• TASK DIRECTIONS:
Could you write out the lines below exactly, beginning with the first and finishing with the one that contains "(The zero polynomial"?

-- Opening Marker --

(* Let $d$ be an integer with $1\le d\le q$. Then $$e_1(d,m)>e_2(d,m)>\dots>e_{\binom{m+d}{d}}(d,m)=0.$$
   Context: $q$ is a prime power, $\mathbb{F}_q$ the finite field with $q$ elements, $m$ a positive integer. $e_r(d,m)$ is the maximum, over all families of $r$ linearly independent homogeneous polynomials of degree $d$ in $\mathbb{F}_q[x_0,\dots,x_m]$, of the number of points of $\mathbb{P}^m(\mathbb{F}_q)$ at which all of them vanish. *)

theory Defs
  imports Complex_Main "HOL-Library.Function_Algebras"
begin

definition monoms :: "nat \<Rightarrow> nat \<Rightarrow> (nat \<Rightarrow> nat) set" where
  "monoms d m = {\<alpha>. (\<forall>i>m. \<alpha> i = 0) \<and> (\<Sum>i\<le>m. \<alpha> i) = d}"

text \<open>A homogeneous polynomial of degree d in F[x_0,...,x_m] is represented by its
  coefficient function on monomials, supported on monomials of total degree d.
  (The zero polynomial is included; it is never in a linearly independent family.)\<close>
definition hom_polys :: "nat \<Rightarrow> nat \<Rightarrow> ((nat \<Rightarrow> nat) \<Rightarrow> 'a::field) set" where
  "hom_polys d m = {f. \<forall>\<alpha>. \<alpha> \<notin> monoms d m \<longrightarrow> f \<alpha> = 0}"

definition heval :: "nat \<Rightarrow> nat \<Rightarrow> ((nat \<Rightarrow> nat) \<Rightarrow> 'a::field) \<Rightarrow> (nat \<Rightarrow> 'a) \<Rightarrow> 'a" where
  "heval d m f x = (\<Sum>\<alpha>\<in>monoms d m. f \<alpha> * (\<Prod>i\<le>m. x i ^ \<alpha> i))"

text \<open>Points of P^m(F): classes of nonzero vectors (x_0,...,x_m) modulo nonzero scalars.\<close>
definition proj_points :: "nat \<Rightarrow> (nat \<Rightarrow> 'a::field) set set" where
  "proj_points m = {{(\<lambda>i. c * x i) | c. c \<noteq> 0} | x.
      (\<forall>i>m. x i = 0) \<and> (\<exists>i\<le>m. x i \<noteq> 0)}"

definition num_zeros :: "nat \<Rightarrow> nat \<Rightarrow> ((nat \<Rightarrow> nat) \<Rightarrow> 'a::field) set \<Rightarrow> nat" where
  "num_zeros d m F = card {P \<in> proj_points m. \<forall>f\<in>F. \<forall>x\<in>P. heval d m f x = 0}"

definition e_r :: "'a::{finite,field} itself \<Rightarrow> nat \<Rightarrow> nat \<Rightarrow> nat \<Rightarrow> nat" where
  "e_r _ r d m = Max {num_zeros d m (F :: ((nat \<Rightarrow> nat) \<Rightarrow> 'a) set) | F.
      F \<subseteq> hom_polys d m \<and> card F = r \<and>
      module.independent (\<lambda>c f. (\<lambda>\<alpha>. c * f \<alpha>)) F}"

end

theory Submission
  imports Defs "HOL-Computational_Algebra.Polynomial"
begin

(* Let N = binom(m + d, d), the dimension of the space of forms of degree d.
   A nonzero form of degree d <= q does not vanish on all of F_q^(m+1): replacing every
   x_j^q by x_j does not change its values and turns it into a reduced polynomial (all
   exponents < q) with the same nonzero coefficients, and a reduced polynomial vanishing on
   F_q^(m+1) is zero. Now let F be an independent family of r + 1 forms with e_(r+1) common
   zeros, f0 in F and f0(x) /= 0. The r forms f - (f(x)/f0(x)) f0 with f in F - {f0} are
   still independent, vanish at every common zero of F, and also at the point [x], which is
   not a common zero of F; hence e_r > e_(r+1). Finally, N independent forms span all forms,
   in particular every x_k^d, so they have no common zero and e_N = 0. *)

section \<open>Linear independence\<close>

context vector_space
begin

lemma independent_if_spans_independent:
  assumes "independent S" "S \<subseteq> span T" "finite T" "card T \<le> card S"
  shows "independent T"
proof
  assume "dependent T"
  then obtain a where a: "a \<in> T" "a \<in> span (T - {a})"
    unfolding dependent_def by blast
  have "T \<subseteq> span (T - {a})"
  proof
    fix b assume "b \<in> T"
    then show "b \<in> span (T - {a})"
      using a(2) by (cases "b = a") (auto intro: span_base)
  qed
  then have "span T \<subseteq> span (T - {a})"
    by (rule span_minimal[OF _ subspace_span])
  then have "card S \<le> card (T - {a})"
    using independent_span_bound[OF _ assms(1)] assms(2,3) by blast
  also have "\<dots> < card T"
    using assms(3) a(1) by (rule card_Diff1_less)
  finally show False
    using assms(4) by simp
qed

lemma span_subset_if_independent_card_ge:
  assumes "independent S" "S \<subseteq> span T" "finite T" "card T \<le> card S"
  shows "span T \<subseteq> span S"
proof
  fix b assume b: "b \<in> span T"
  show "b \<in> span S"
  proof (rule ccontr)
    assume nb: "b \<notin> span S"
    then have "b \<notin> S"
      using span_base by blast
    have "independent (insert b S)"
      using nb assms(1) by (rule independent_insertI)
    moreover have "insert b S \<subseteq> span T"
      using assms(2) b by blast
    ultimately have "finite S" "card (insert b S) \<le> card T"
      using independent_span_bound[OF assms(3)] by (blast dest: finite_insert[THEN iffD1])+
    with \<open>b \<notin> S\<close> assms(4) show False by simp
  qed
qed

lemma independent_subtract_multiples:
  fixes t :: "'b \<Rightarrow> 'a"
  assumes "independent S" "finite S" "v \<in> S"
  defines "W \<equiv> (\<lambda>w. w - t w *s v) ` (S - {v})"
  shows "independent W" and "card W = card S - 1"
proof -
  have "w \<in> span (insert v W)" if "w \<in> S" for w
  proof (cases "w = v")
    case False
    then have "w - t w *s v \<in> span (insert v W)"
      using that by (intro span_base) (auto simp: W_def)
    then show ?thesis
      using span_add[OF _ span_scale[OF span_base[of v "insert v W"]], of "w - t w *s v" "t w"]
      by simp
  qed (simp add: span_base)
  then have spans: "S \<subseteq> span (insert v W)" by blast
  have finW: "finite W"
    using assms(2) by (simp add: W_def)
  have "card W \<le> card (S - {v})"
    unfolding W_def by (rule card_image_le) (use assms(2) in simp)
  also have "\<dots> = card S - 1"
    using assms(2,3) by simp
  finally have le: "card W \<le> card S - 1" .
  have ins: "card (insert v W) \<le> Suc (card W)"
    by (simp add: card_insert_if finW)
  have "card S \<le> card (insert v W)"
    using independent_span_bound[OF _ assms(1) spans] finW by simp
  with ins show card: "card W = card S - 1"
    using le by linarith
  have "0 < card S"
    using assms(2,3) card_gt_0_iff by blast
  then have "card (insert v W) \<le> card S"
    using ins card by linarith
  then have "independent (insert v W)"
    using independent_if_spans_independent[OF assms(1) spans] finW by simp
  then show "independent W"
    using independent_mono by blast
qed

end

section \<open>Monomials and evaluation\<close>

type_synonym 'a mpoly = "(nat \<Rightarrow> nat) \<Rightarrow> 'a"

(* The scaling of e_r_def, so polys.independent is the independence in e_r. *)
interpretation polys: vector_space "\<lambda>(c::'a::field) (f::'a mpoly) \<alpha>. c * f \<alpha>"
  by unfold_locales (auto simp: fun_eq_iff algebra_simps)

lemma monoms_bij_lists:
  "bij_betw (\<lambda>\<alpha>. map \<alpha> [0..<Suc m]) (monoms d m) {l. length l = Suc m \<and> sum_list l = d}"
proof -
  have sum_map: "sum_list (map \<alpha> [0..<Suc m]) = (\<Sum>i\<le>m. \<alpha> i)" for \<alpha> :: "nat \<Rightarrow> nat"
    by (simp only: sum_set_upt_conv_sum_list_nat[symmetric] set_upt atLeast0LessThan
        lessThan_Suc_atMost)
  show ?thesis
  proof (rule bij_betwI'[where Y = "{l. length l = Suc m \<and> sum_list l = d}"])
    fix \<alpha> \<beta> assume \<alpha>: "\<alpha> \<in> monoms d m" and \<beta>: "\<beta> \<in> monoms d m"
    have "\<alpha> = \<beta>" if "\<forall>i\<le>m. \<alpha> i = \<beta> i"
    proof
      show "\<alpha> i = \<beta> i" for i
        by (cases "i \<le> m") (use that \<alpha> \<beta> in \<open>auto simp: monoms_def\<close>)
    qed
    moreover have "(map \<alpha> [0..<Suc m] = map \<beta> [0..<Suc m]) = (\<forall>i\<le>m. \<alpha> i = \<beta> i)"
      by (simp only: map_eq_conv set_upt atLeast0LessThan lessThan_Suc_atMost atMost_iff Ball_def)
    ultimately show "(map \<alpha> [0..<Suc m] = map \<beta> [0..<Suc m]) = (\<alpha> = \<beta>)"
      by auto
  next
    fix \<alpha> assume "\<alpha> \<in> monoms d m"
    then show "map \<alpha> [0..<Suc m] \<in> {l. length l = Suc m \<and> sum_list l = d}"
      by (simp add: monoms_def sum_map del: upt_Suc)
  next
    fix l :: "nat list" assume l: "l \<in> {l. length l = Suc m \<and> sum_list l = d}"
    define \<alpha> where "\<alpha> = (\<lambda>i. if i \<le> m then l ! i else 0)"
    have "map \<alpha> [0..<Suc m] = l"
      using l by (intro nth_equalityI) (auto simp: \<alpha>_def simp del: upt_Suc)
    moreover from this have "\<alpha> \<in> monoms d m"
      using l sum_map[of \<alpha>] by (auto simp: monoms_def \<alpha>_def)
    ultimately show "\<exists>\<alpha>\<in>monoms d m. l = map \<alpha> [0..<Suc m]" by auto
  qed
qed

lemma finite_monoms: "finite (monoms d m)"
proof -
  have "{l. length l = Suc m \<and> sum_list l = d} \<subseteq> {l. set l \<subseteq> {..d} \<and> length l = Suc m}"
    by (auto simp: member_le_sum_list)
  then have "finite {l. length l = Suc m \<and> sum_list l = d}"
    by (rule finite_subset) (simp add: finite_lists_length_eq)
  then show ?thesis
    using monoms_bij_lists bij_betw_finite by blast
qed

lemma card_monoms: "card (monoms d m) = (m + d) choose d"
  using bij_betw_same_card[OF monoms_bij_lists] card_length_sum_list[of "Suc m" d]
  by (simp add: add.commute)

lemma monoms_le: "\<alpha> \<in> monoms d m \<Longrightarrow> \<alpha> i \<le> d"
  by (cases "i \<le> m") (auto simp: monoms_def intro!: member_le_sum[of i "{..m}", simplified])

lemma monoms_pure_power:
  assumes "\<alpha> \<in> monoms d m" "\<alpha> j = d" "1 \<le> d"
  shows "\<alpha> = (\<lambda>i. if i = j then d else 0)"
proof -
  have jm: "j \<le> m"
    by (rule ccontr) (use assms in \<open>auto simp: monoms_def\<close>)
  have "\<alpha> i = 0" if "i \<noteq> j" "i \<le> m" for i
  proof -
    have "(\<Sum>k\<in>{i,j}. \<alpha> k) \<le> (\<Sum>k\<le>m. \<alpha> k)"
      by (rule sum_mono2) (use that jm in auto)
    then show ?thesis using assms that by (simp add: monoms_def)
  qed
  moreover have "\<alpha> i = 0" if "i > m" for i
    using assms(1) that by (simp add: monoms_def)
  ultimately show ?thesis
    using assms(2) by (metis not_le)
qed

lemma heval_add: "heval d m (f + g) x = heval d m f x + heval d m g x"
  by (simp add: heval_def distrib_right sum.distrib)

lemma heval_diff: "heval d m (f - g) x = heval d m f x - heval d m g x"
  by (simp add: heval_def left_diff_distrib sum_subtractf)

lemma heval_scale: "heval d m (\<lambda>\<alpha>. c * f \<alpha>) x = c * heval d m f x"
  by (simp add: heval_def algebra_simps sum_distrib_left)

lemma heval_zero: "heval d m 0 x = 0"
  by (simp add: heval_def)

lemma heval_span_eq_0:
  assumes "g \<in> polys.span S" "\<forall>f\<in>S. heval d m f x = 0"
  shows "heval d m g x = 0"
proof -
  have "polys.span S \<subseteq> {g. heval d m g x = 0}"
    using assms(2) by (intro polys.span_minimal)
      (auto simp: polys.subspace_def heval_add heval_zero heval_scale)
  then show ?thesis using assms(1) by auto
qed

lemma heval_homogeneous:
  assumes "f \<in> hom_polys d m"
  shows "heval d m f (\<lambda>i. c * x i) = c ^ d * heval d m f x"
proof -
  have "(\<Prod>i\<le>m. (c * x i) ^ \<alpha> i) = c ^ d * (\<Prod>i\<le>m. x i ^ \<alpha> i)" if "\<alpha> \<in> monoms d m" for \<alpha>
  proof -
    have "(\<Prod>i\<le>m. (c * x i) ^ \<alpha> i) = (\<Prod>i\<le>m. c ^ \<alpha> i) * (\<Prod>i\<le>m. x i ^ \<alpha> i)"
      by (simp add: power_mult_distrib prod.distrib)
    also have "(\<Prod>i\<le>m. c ^ \<alpha> i) = c ^ d"
      using that by (simp add: power_sum[symmetric] monoms_def)
    finally show ?thesis .
  qed
  then show ?thesis
    by (simp add: heval_def sum_distrib_left algebra_simps)
qed

lemma heval_restrict: "heval d m f x = heval d m f (\<lambda>i. if i \<le> m then x i else 0)"
  unfolding heval_def by (intro sum.cong refl prod.cong) auto

lemma heval_origin:
  assumes "1 \<le> d"
  shows "heval d m f (\<lambda>_. 0) = 0"
proof -
  have "\<exists>i\<le>m. \<alpha> i \<noteq> 0" if "\<alpha> \<in> monoms d m" for \<alpha>
  proof (rule ccontr)
    assume "\<not> ?thesis"
    then have "(\<Sum>i\<le>m. \<alpha> i) = 0" by simp
    with that assms show False by (simp add: monoms_def)
  qed
  then show ?thesis
    unfolding heval_def by (force intro: sum.neutral)
qed

lemma subspace_hom_polys: "polys.subspace (hom_polys d m)"
  by (auto simp: polys.subspace_def hom_polys_def)
(* Let $m\ge2$, $s,\ell,r_1,\dots,r_m\ge1$ be integers, $k=m\ell-s$ with $k\ge\ell$, and $n=\sum_{i=1}^m(\ell+r_i)$. If $q$ is a prime power with $q>2(n-k)\binom{n-1}{k-1}$, then there exists an $[n,k,\ell;r_1,\dots,r_m]$-PMDS code over $\mathbb{F}_q$.
   Context: An $[n,k]$-MDS code over a field $\mathbb{F}$ is a linear code in $\mathbb{F}^n$ of dimension $k$ and minimum Hamming distance $n-k+1$. PMDS codes: let $\ell,m,r_1,\dots,r_m$ be positive integers, $n=\sum_{i=1}^m(r_i+\ell)$, and $C\subseteq\mathbb{F}^n$ a linear code of dimension $k<n$ with generator matrix $G=(B_1\mid\dots\mid B_m)$, $B_i\in\mathbb{F}^{k\times(r_i+\ell)}$. Then $C$ is an $[n,k,\ell;r_1,\dots,r_m]$-PMDS code if (i) for each $i$ the row space of $B_i$ is an $[r_i+\ell,\ell]$-MDS code, and (ii) for any choice of $r_i$ erased coordinates in the $i$-th block for every $i$, the code obtained from $C$ by puncturing these coordinates is an $[m\ell,k]$-MDS code. *)

theory Defs
  imports Main "HOL.Vector_Spaces" "HOL-Library.Function_Algebras"
begin

text \<open>Words of a code are functions nat => F; a code on the coordinate set I
  consists of words vanishing outside I.  The vector space structure is the
  coordinatewise one.\<close>

definition fscale :: "'a::field \<Rightarrow> (nat \<Rightarrow> 'a) \<Rightarrow> (nat \<Rightarrow> 'a)" where
  "fscale c v = (\<lambda>j. c * v j)"

definition zero_word :: "nat \<Rightarrow> 'a::field" where
  "zero_word = (\<lambda>_. 0)"

definition linear_code :: "nat set \<Rightarrow> (nat \<Rightarrow> 'a::field) set \<Rightarrow> bool" where
  "linear_code I C \<longleftrightarrow> finite I \<and> module.subspace fscale C \<and> (\<forall>v\<in>C. \<forall>j. j \<notin> I \<longrightarrow> v j = 0)"

definition code_dim :: "(nat \<Rightarrow> 'a::field) set \<Rightarrow> nat" where
  "code_dim C = vector_space.dim fscale C"

definition hweight :: "nat set \<Rightarrow> (nat \<Rightarrow> 'a::field) \<Rightarrow> nat" where
  "hweight I v = card {j\<in>I. v j \<noteq> 0}"

text \<open>Minimum Hamming distance = minimum weight of a nonzero codeword (linear code).\<close>
definition min_dist :: "nat set \<Rightarrow> (nat \<Rightarrow> 'a::field) set \<Rightarrow> nat" where
  "min_dist I C = Min (hweight I ` (C - {zero_word}))"

definition mds_code :: "nat set \<Rightarrow> nat \<Rightarrow> (nat \<Rightarrow> 'a::field) set \<Rightarrow> bool" where
  "mds_code I k C \<longleftrightarrow> linear_code I C \<and> code_dim C = k \<and> C - {zero_word} \<noteq> {}
      \<and> min_dist I C = card I - k + 1"

definition puncture :: "nat set \<Rightarrow> (nat \<Rightarrow> 'a::field) set \<Rightarrow> (nat \<Rightarrow> 'a) set" where
  "puncture J C = (\<lambda>v. (\<lambda>j. if j \<in> J then v j else 0)) ` C"

text \<open>Blocks: block i (0-based, i < m) has length l + r i, coordinates 0..<n.\<close>
definition blk_start :: "nat \<Rightarrow> (nat \<Rightarrow> nat) \<Rightarrow> nat \<Rightarrow> nat" where
  "blk_start l r i = (\<Sum>t<i. r t + l)"

definition blk :: "nat \<Rightarrow> (nat \<Rightarrow> nat) \<Rightarrow> nat \<Rightarrow> nat set" where
  "blk l r i = {blk_start l r i ..< blk_start l r i + (r i + l)}"

text \<open>[n,k,l; r_0,...,r_{m-1}]-PMDS code.  The row space of the block B_i of a
  generator matrix is exactly the code punctured to block i.\<close>
definition is_pmds :: "nat \<Rightarrow> nat \<Rightarrow> nat \<Rightarrow> nat \<Rightarrow> (nat \<Rightarrow> nat) \<Rightarrow> (nat \<Rightarrow> 'a::field) set \<Rightarrow> bool" where
  "is_pmds n k l m r C \<longleftrightarrow>
     n = (\<Sum>i<m. r i + l) \<and> k < n \<and>
     linear_code {0..<n} C \<and> code_dim C = k \<and>
     (\<forall>i<m. mds_code (blk l r i) l (puncture (blk l r i) C)) \<and>
     (\<forall>E :: nat \<Rightarrow> nat set. (\<forall>i<m. E i \<subseteq> blk l r i \<and> card (E i) = r i) \<longrightarrow>
        mds_code ({0..<n} - (\<Union>i<m. E i)) k (puncture ({0..<n} - (\<Union>i<m. E i)) C))"

end

theory Submission
  imports Defs "HOL-Library.FuncSet" "HOL-Computational_Algebra.Polynomial"
begin

text \<open>The generator column at a coordinate j of block i is F_i v_j, where
  v_j = (1, w_j, ..., w_j^(l-1)) for distinct nonzero w_j and F_i is a k x l matrix.  Punctured to
  block i the code is then the Reed-Solomon code of the Vandermonde columns v_j as soon as F_i has
  rank l, and the global condition holds as soon as every set of at most k generator columns
  meeting each block in at most l positions is linearly independent.  The F_i are chosen one
  column at a time, keeping this independence for the columns chosen so far: a new column f can
  only create a dependency if f = - sum_(j in T) c_j g_j, where g_j are the current generator
  columns, T is a set of at most k coordinates and c is normalised by one linear condition;
  there are at most sum_j (n choose j) q^(j-1) < q^k such f, where q = |F|.  The bound on q
  gives this inequality, and also q > n, so that the w_j exist.\<close>

interpretation words: vector_space "fscale :: 'a::field \<Rightarrow> (nat \<Rightarrow> 'a) \<Rightarrow> (nat \<Rightarrow> 'a)"
  by unfold_locales (auto simp: fscale_def fun_eq_iff algebra_simps)

lemma zero_word_eq: "zero_word = 0"
  by (simp add: zero_word_def fun_eq_iff)

lemma sum_fun_apply: "(\<Sum>v\<in>A. (f v :: nat \<Rightarrow> 'a::comm_monoid_add)) x = (\<Sum>v\<in>A. f v x)"
  by (induction A rule: infinite_finite_induct) auto

lemma card_field_ge_2: "2 \<le> card (UNIV :: 'a::{finite,field} set)"
proof -
  have "card {0::'a, 1} \<le> card (UNIV :: 'a set)" by (intro card_mono) auto
  then show ?thesis by simp
qed

definition vecs :: "nat \<Rightarrow> (nat \<Rightarrow> 'a::field) set" where
  "vecs d = {x. \<forall>t\<ge>d. x t = 0}"

lemma vecs_diff: "x \<in> vecs d \<Longrightarrow> y \<in> vecs d \<Longrightarrow> x - y \<in> vecs d"
  by (simp add: vecs_def)

lemma vecs_add: "x \<in> vecs d \<Longrightarrow> y \<in> vecs d \<Longrightarrow> x + y \<in> vecs d"
  by (simp add: vecs_def)

lemma vecs_scale: "x \<in> vecs d \<Longrightarrow> fscale c x \<in> vecs d"
  by (simp add: vecs_def fscale_def)

lemma bij_betw_vecs_PiE:
  "bij_betw (\<lambda>x. restrict x {..<d}) (vecs d :: (nat \<Rightarrow> 'a::field) set) (PiE {..<d} (\<lambda>_. UNIV))"
proof (rule bij_betw_imageI)
  show "inj_on (\<lambda>x. restrict x {..<d}) (vecs d :: (nat \<Rightarrow> 'a) set)"
    by (auto simp: inj_on_def vecs_def fun_eq_iff restrict_def) (metis not_le)
  show "(\<lambda>x. restrict x {..<d}) ` (vecs d :: (nat \<Rightarrow> 'a) set) = PiE {..<d} (\<lambda>_. UNIV)"
  proof safe
    fix f :: "nat \<Rightarrow> 'a" assume "f \<in> PiE {..<d} (\<lambda>_. UNIV)"
    then show "f \<in> (\<lambda>x. restrict x {..<d}) ` vecs d"
      by (intro image_eqI[of _ _ "\<lambda>t. if t < d then f t else 0"])
         (auto simp: vecs_def restrict_def fun_eq_iff PiE_def extensional_def)
  qed (auto split: if_split_asm)
qed

lemma finite_vecs: "finite (vecs d :: (nat \<Rightarrow> 'a::{finite,field}) set)"
proof -
  have "finite (PiE {..<d} (\<lambda>_. UNIV :: 'a set))" by (simp add: finite_PiE)
  then show ?thesis using bij_betw_finite[OF bij_betw_vecs_PiE[of d]] by blast
qed

lemma card_vecs: "card (vecs d :: (nat \<Rightarrow> 'a::{finite,field}) set) = card (UNIV :: 'a set) ^ d"
  using bij_betw_same_card[OF bij_betw_vecs_PiE[of d]] by (simp add: card_PiE)

lemma card_span_independent:
  fixes B :: "(nat \<Rightarrow> 'a::{finite,field}) set"
  assumes "finite B" "words.independent B"
  shows "card (words.span B) = card (UNIV :: 'a set) ^ card B"
proof -
  let ?f = "\<lambda>u. \<Sum>v\<in>B. fscale (u v) v"
  have "words.span B = range ?f" using words.span_finite[OF assms(1)] .
  also have "\<dots> = ?f ` PiE B (\<lambda>_. UNIV)"
  proof safe
    fix u show "?f u \<in> ?f ` PiE B (\<lambda>_. UNIV)"
      by (intro image_eqI[of _ _ "restrict u B"]) (auto intro!: sum.cong simp: restrict_def)
  qed auto
  finally have span: "words.span B = ?f ` PiE B (\<lambda>_. UNIV)" .
  have "inj_on ?f (PiE B (\<lambda>_. UNIV))"
  proof (rule inj_onI)
    fix u v assume u: "u \<in> PiE B (\<lambda>_. UNIV)" and v: "v \<in> PiE B (\<lambda>_. UNIV)" and "?f u = ?f v"
    moreover have "(\<Sum>b\<in>B. fscale (u b - v b) b) = ?f u - ?f v"
      by (simp add: sum_fun_apply fun_eq_iff sum_subtractf[symmetric] fscale_def algebra_simps)
    ultimately have "(\<Sum>b\<in>B. fscale (u b - v b) b) = 0" by simp
    then have "\<forall>b\<in>B. u b - v b = 0"
      using words.independentD[OF assms(2) assms(1) subset_refl] by fastforce
    then show "u = v" using u v by (auto simp: PiE_def extensional_def fun_eq_iff)
  qed
  then show ?thesis unfolding span using assms(1) by (simp add: card_image card_PiE)
qed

-- Closing Marker --

• SOLUTION FOR THIS TASK:
(* Let $d$ be an integer with $1\le d\le q$. Then $$e_1(d,m)>e_2(d,m)>\dots>e_{\binom{m+d}{d}}(d,m)=0.$$
   Context: $q$ is a prime power, $\mathbb{F}_q$ the finite field with $q$ elements, $m$ a positive integer. $e_r(d,m)$ is the maximum, over all families of $r$ linearly independent homogeneous polynomials of degree $d$ in $\mathbb{F}_q[x_0,\dots,x_m]$, of the number of points of $\mathbb{P}^m(\mathbb{F}_q)$ at which all of them vanish. *)

theory Defs
  imports Complex_Main "HOL-Library.Function_Algebras"
begin

definition monoms :: "nat \<Rightarrow> nat \<Rightarrow> (nat \<Rightarrow> nat) set" where
  "monoms d m = {\<alpha>. (\<forall>i>m. \<alpha> i = 0) \<and> (\<Sum>i\<le>m. \<alpha> i) = d}"

text \<open>A homogeneous polynomial of degree d in F[x_0,...,x_m] is represented by its
  coefficient function on monomials, supported on monomials of total degree d.
  (The zero polynomial is included; it is never in a linearly independent family.)\<close>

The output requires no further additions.